The Popular Association of Savings and Loans (APAP) achieved an extraordinary growth of 21.5% in its assets at the end of 2021, for a total of RD$118,781 million.
It did so in a context of rapid economic recovery after overcoming the effects of the pandemic.
As part of the assets, the gross credit portfolio grew by 17.4%, closing at RD$61,300 million, with a delinquency level improved to 1.4% and a past due portfolio coverage of more than 31 days of 286.8%. APAP marked another milestone by closing the fiscal year January-December 2021 with a solvency ratio of 53.8%, more than 5 times the minimum of 10% established by the Monetary and Financial Law.
“The health of these results has been ratified by the risk rating agencies Fitch Ratings and Feller Rate, which have assigned APAP an AA- rating with a stable outlook,” said Gustavo Ariza, executive president of the financial institution. The entity experienced strong commercial credit growth of 44.5%, as well as 25.0% in consumer loans and 17.6% in mortgage loans, positively impacting different areas of the Dominican economy.
Mortgage loans represented 55.9% of the portfolio, with which APAP ratifies its original vocation to promote housing, while consumer loans amounted to 27.7% and commercial loans were 16.4%.
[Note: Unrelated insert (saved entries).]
lemma omod_map_restr_iff:
  assumes "r \<in> TT ar (TT ar UNIV)"
  shows "map_tree id (restr Q) r \<in> omod ar sem md \<Phi> \<longleftrightarrow>
    r \<in> omod ar sem md {t \<in> TT ar UNIV. restr Q t \<in> \<Phi>}"
proof -
  have "restr \<Phi> (map_tree id (restr Q) r) = restr (restr Q -` \<Phi>) r"
    by (rule restr_map_tree)
  also have "\<dots> = restr (restr Q -` \<Phi> \<inter> TT ar UNIV) r"
    using restr_Int_leaves[OF assms] by metis
  also have "restr Q -` \<Phi> \<inter> TT ar UNIV = {t \<in> TT ar UNIV. restr Q t \<in> \<Phi>}"
    by auto
  finally have "restr \<Phi> (map_tree id (restr Q) r) = restr {t \<in> TT ar UNIV. restr Q t \<in> \<Phi>} r" .
  moreover have "map_tree id (restr Q) r \<in> TT ar UNIV" "r \<in> TT ar UNIV"
    using map_restr_in_TT[OF assms] assms TT_mono[of "TT ar UNIV" UNIV ar] by auto
  ultimately show ?thesis
    by (simp add: omod_def)
qed

lemma rpre_map_restr_empty:
  assumes "r \<in> TT ar (TT ar UNIV)" "r' \<in> TT ar (TT ar UNIV)" "rpre ar Mods sem r r'"
  shows "rpre ar Mods sem (map_tree id (restr {}) r) (map_tree id (restr {}) r')"
  unfolding rpre_def
proof (intro ballI impI)
  fix md \<Phi> assume "md \<in> Mods" "\<Phi> \<in> Tsem ar Mods sem"
    and "map_tree id (restr {}) r \<in> omod ar sem md \<Phi>"
  with assms Tsem_vimage_restr_empty[of \<Phi> ar Mods sem]
  show "map_tree id (restr {}) r' \<in> omod ar sem md \<Phi>"
    by (auto simp: rpre_def omod_map_restr_iff)
qed

lemma mu_in_omod_empty_iff:
  assumes "r \<in> TT ar (TT ar UNIV)"
  shows "mu r \<in> omod ar sem md {} \<longleftrightarrow> mu (map_tree id (restr {}) r) \<in> omod ar sem md {()}"
  using mu_in_TT[OF assms] restr_in_TT
  by (auto simp: omod_def mu_map_restr restr_restr)

lemma tpre_iff_generators:
  assumes "t' \<in> TT ar UNIV"
  shows "tpre ar Mods sem t t' \<longleftrightarrow>
    (\<forall>md\<in>Mods. \<forall>A\<in>{{}, {()}}. t \<in> omod ar sem md A \<longrightarrow> t' \<in> omod ar sem md A)"
proof
  assume "tpre ar Mods sem t t'"
  then show "\<forall>md\<in>Mods. \<forall>A\<in>{{}, {()}}. t \<in> omod ar sem md A \<longrightarrow> t' \<in> omod ar sem md A"
    by (auto simp: tpre_def intro: Tsem.intros)
next
  assume gen: "\<forall>md\<in>Mods. \<forall>A\<in>{{}, {()}}. t \<in> omod ar sem md A \<longrightarrow> t' \<in> omod ar sem md A"
  show "tpre ar Mods sem t t'"
    unfolding tpre_def
  proof (intro ballI impI)
    fix \<Phi> assume "\<Phi> \<in> Tsem ar Mods sem" "t \<in> \<Phi>"
    then show "t' \<in> \<Phi>"
      by (induction rule: Tsem.induct) (use gen assms in auto)
  qed
qed

theorem lemma4p16:
  fixes ar :: "'l \<Rightarrow> nat option"
    and Mods :: "'o set"
    and sem :: "'o \<Rightarrow> ('l, unit) tree set"
  assumes "\<forall>md\<in>Mods. sem md \<subseteq> TT ar UNIV"
    and "\<forall>md\<in>Mods. upwards_closed ar (sem md)"
  shows "decomposable ar Mods sem \<longleftrightarrow>
    (\<forall>r\<in>TT ar (TT ar UNIV). \<forall>r'\<in>TT ar (TT ar UNIV).
       rpre ar Mods sem r r' \<longrightarrow>
       (\<forall>md\<in>Mods. mu r \<in> omod ar sem md {()} \<longrightarrow> mu r' \<in> omod ar sem md {()}))"
    (is "_ \<longleftrightarrow> (\<forall>r\<in>_. \<forall>r'\<in>_. _ \<longrightarrow> ?top r r')")
proof
  assume "decomposable ar Mods sem"
  then show "\<forall>r\<in>TT ar (TT ar UNIV). \<forall>r'\<in>TT ar (TT ar UNIV). rpre ar Mods sem r r' \<longrightarrow> ?top r r'"
    by (auto simp: decomposable_def tpre_iff_generators mu_in_TT)
next
  assume top: "\<forall>r\<in>TT ar (TT ar UNIV). \<forall>r'\<in>TT ar (TT ar UNIV). rpre ar Mods sem r r' \<longrightarrow> ?top r r'"
  show "decomposable ar Mods sem"
    unfolding decomposable_def
  proof (intro ballI impI)
    fix r r' assume r: "r \<in> TT ar (TT ar UNIV)" and r': "r' \<in> TT ar (TT ar UNIV)"
      and rr': "rpre ar Mods sem r r'"
    let ?kill = "map_tree id (restr {})"
    have "?top (?kill r) (?kill r')"
      using top map_restr_in_TT[OF r] map_restr_in_TT[OF r'] rpre_map_restr_empty[OF r r' rr']
      by blast
    then have "\<forall>md\<in>Mods. mu r \<in> omod ar sem md {} \<longrightarrow> mu r' \<in> omod ar sem md {}"
      by (simp add: mu_in_omod_empty_iff[OF r] mu_in_omod_empty_iff[OF r'])
    moreover have "?top r r'"
      using top r r' rr' by blast
    ultimately show "tpre ar Mods sem (mu r) (mu r')"
      by (auto simp: tpre_iff_generators mu_in_TT[OF r'])
  qed
qed

end
(* Let $B$ be a supersoluble brace. If $B$ is left-nilpotent and $\operatorname{Ker}(\lambda)\le Z_n(B,\cdot)$ for some $n\in\mathbb{N}$, then $(B,\cdot)$ is nilpotent.
   Context: A brace (skew left brace) is a set $B$ with two binary operations $+$ and $\cdot$ such that $(B,+)$ and $(B,\cdot)$ are groups and $a(b+c)=ab-a+ac$ for all $a,b,c\in B$. $\lambda_a(b)=-a+ab$ defines a homomorphism $\lambda\colon(B,\cdot)\to\operatorname{Aut}(B,+)$; $a*b=-a+ab-b$; for subsets $X,Y$, $X*Y$ is the subgroup of $(B,+)$ generated by all $x*y$, $x\in X,y\in Y$. $B$ is left-nilpotent if, with $L_0=B$ and $L_{k+1}=B*L_k$, one has $L_m=\{0\}$ for some $m$. $Z_n(B,\cdot)$ is the $n$-th term of the upper central series of the group $(B,\cdot)$. An ideal is a subset that is a subgroup of both groups, normal in both, and invariant under all $\lambda_b$; quotients by ideals are braces. $\operatorname{Soc}(B)=\operatorname{Ker}\lambda\cap Z(B,+)$. $B$ is supersoluble if there is a finite chain of ideals $\{0\}=I_0\le\dots\le I_n=B$ such that for each $i$, either $(I_{i+1}/I_i,+)$ is infinite cyclic and $I_{i+1}/I_i\le\operatorname{Soc}(B/I_i)$, or $I_{i+1}/I_i$ has prime order. *)

theory Defs
  imports "HOL-Algebra.Algebra"
begin
lemma powr_resolvent_const_finite:
  fixes \<alpha> :: real assumes a1: "-1 < \<alpha>" and a0: "\<alpha> < 0"
  shows "powr_resolvent_const \<alpha> < \<infinity>"
proof -
  have i1: "(\<integral>\<^sup>+ u. ennreal (indicator {0..1} u * u powr \<alpha>) \<partial>lborel) = ennreal (1 / (\<alpha> + 1))"
    using nn_integral_has_integral_lebesgue[OF _ has_integral_powr_from_0[OF a1, of 1]] by simp
  have i2: "(\<integral>\<^sup>+ u. ennreal (indicator {1..} u * u powr (\<alpha> - 1)) \<partial>lborel) = ennreal (- 1 / \<alpha>)"
    using nn_integral_has_integral_lebesgue[OF _ has_integral_powr_to_inf[of "\<alpha> - 1" 1]] a0 by simp
  have "(\<integral>\<^sup>+ u. ennreal (indicator {0<..} u * (u powr \<alpha> / (u + 1))) \<partial>lborel)
      \<le> (\<integral>\<^sup>+ u. ennreal (indicator {0..1} u * u powr \<alpha>) + ennreal (indicator {1..} u * u powr (\<alpha> - 1)) \<partial>lborel)"
    by (intro nn_integral_mono ennreal_powr_div_add_one_le)
  also have "\<dots> = (\<integral>\<^sup>+ u. ennreal (indicator {0..1} u * u powr \<alpha>) \<partial>lborel) + (\<integral>\<^sup>+ u. ennreal (indicator {1..} u * u powr (\<alpha> - 1)) \<partial>lborel)"
    by (rule nn_integral_add) auto
  also have "\<dots> < \<infinity>" unfolding i1 i2 by simp
  finally show ?thesis unfolding powr_resolvent_const_def .
qed

lemma powr_resolvent_const_pos:
  fixes \<alpha> :: real assumes a0: "\<alpha> < 0"
  shows "0 < powr_resolvent_const \<alpha>"
proof -
  have "(\<integral>\<^sup>+ u. ennreal (1/2) * indicator {0<..1::real} u \<partial>lborel) \<le> (\<integral>\<^sup>+ u. ennreal (indicator {0<..} u * (u powr \<alpha> / (u + 1))) \<partial>lborel)"
  proof (rule nn_integral_mono)
    fix u :: real
    show "ennreal (1/2) * indicator {0<..1} u \<le> ennreal (indicator {0<..} u * (u powr \<alpha> / (u + 1)))"
    proof (cases "0 < u \<and> u \<le> 1")
      case True
      then have "u powr 0 \<le> u powr \<alpha>" using a0
        by (intro powr_mono') auto
      then have "1 \<le> u powr \<alpha>" using True by simp
      then have "1/2 \<le> u powr \<alpha> / (u + 1)" using True by (simp add: field_simps)
      then have "ennreal (1/2) \<le> ennreal (u powr \<alpha> / (u + 1))" by (rule ennreal_leI)
      then show ?thesis using True by (simp add: indicator_def)
    qed (auto simp: indicator_def)
  qed
  moreover have "(\<integral>\<^sup>+ u. ennreal (1/2) * indicator {0<..1::real} u \<partial>lborel) = ennreal (1/2)"
    by (simp add: nn_integral_cmult_indicator)
  moreover have "(0::ennreal) < ennreal (1/2)" by (subst ennreal_less_zero_iff) simp
  ultimately show ?thesis unfolding powr_resolvent_const_def by (metis less_le_trans)
qed

lemma nn_integral_powr_resolvent:
  fixes \<alpha> x :: real assumes x: "x > 0"
  shows "(\<integral>\<^sup>+ s. ennreal (indicator {0<..} s * (s powr \<alpha> / (s + x))) \<partial>lborel)
    = ennreal (x powr \<alpha>) * powr_resolvent_const \<alpha>"
proof -
  have scale: "ennreal (indicator {0<..} (0 + x * u) * ((0 + x * u) powr \<alpha> / ((0 + x * u) + x)))
      = ennreal (x powr \<alpha> / x) * ennreal (indicator {0<..} u * (u powr \<alpha> / (u + 1)))" for u
  proof (cases "u > 0")
    case True
    have "(x * u) powr \<alpha> / (x * u + x) = (x powr \<alpha> / x) * (u powr \<alpha> / (u + 1))"
      using True x by (simp add: powr_mult field_simps)
    then show ?thesis using True x by (simp add: indicator_def ennreal_mult[symmetric] zero_less_mult_iff)
  next
    case False
    then have "\<not> 0 < x * u" using x by (simp add: zero_less_mult_iff)
    then show ?thesis using False by (simp add: indicator_def)
  qed
  have "(\<integral>\<^sup>+ s. ennreal (indicator {0<..} s * (s powr \<alpha> / (s + x))) \<partial>lborel)
    = ennreal \<bar>x\<bar> * (\<integral>\<^sup>+ u. ennreal (indicator {0<..} (0 + x * u) * ((0 + x * u) powr \<alpha> / ((0 + x * u) + x))) \<partial>lborel)"
    using x by (intro nn_integral_real_affine) auto
  also have "\<dots> = ennreal x * (\<integral>\<^sup>+ u. ennreal (x powr \<alpha> / x) * ennreal (indicator {0<..} u * (u powr \<alpha> / (u + 1))) \<partial>lborel)"
    using x by (simp only: scale) simp
  also have "\<dots> = ennreal x * (ennreal (x powr \<alpha> / x) * (\<integral>\<^sup>+ u. ennreal (indicator {0<..} u * (u powr \<alpha> / (u + 1))) \<partial>lborel))"
    by (subst nn_integral_cmult) auto
  also have "\<dots> = ennreal (x powr \<alpha>) * (\<integral>\<^sup>+ u. ennreal (indicator {0<..} u * (u powr \<alpha> / (u + 1))) \<partial>lborel)"
    using x by (simp add: mult.assoc[symmetric] ennreal_mult[symmetric])
  finally show ?thesis unfolding powr_resolvent_const_def .
qed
Ariza indicated that APAP loans to SMEs, which make up the largest proportion of the country’s business fabric, grew by 15.3% and represented important support for their financial formalization and inclusion process.
“Two confidence factors, deposits and the issuance of subordinated debt, added up to RD$92,506 million, for a growth of 17.1% driven by an increase of 36.3% in financial certificates,” Ariza stressed.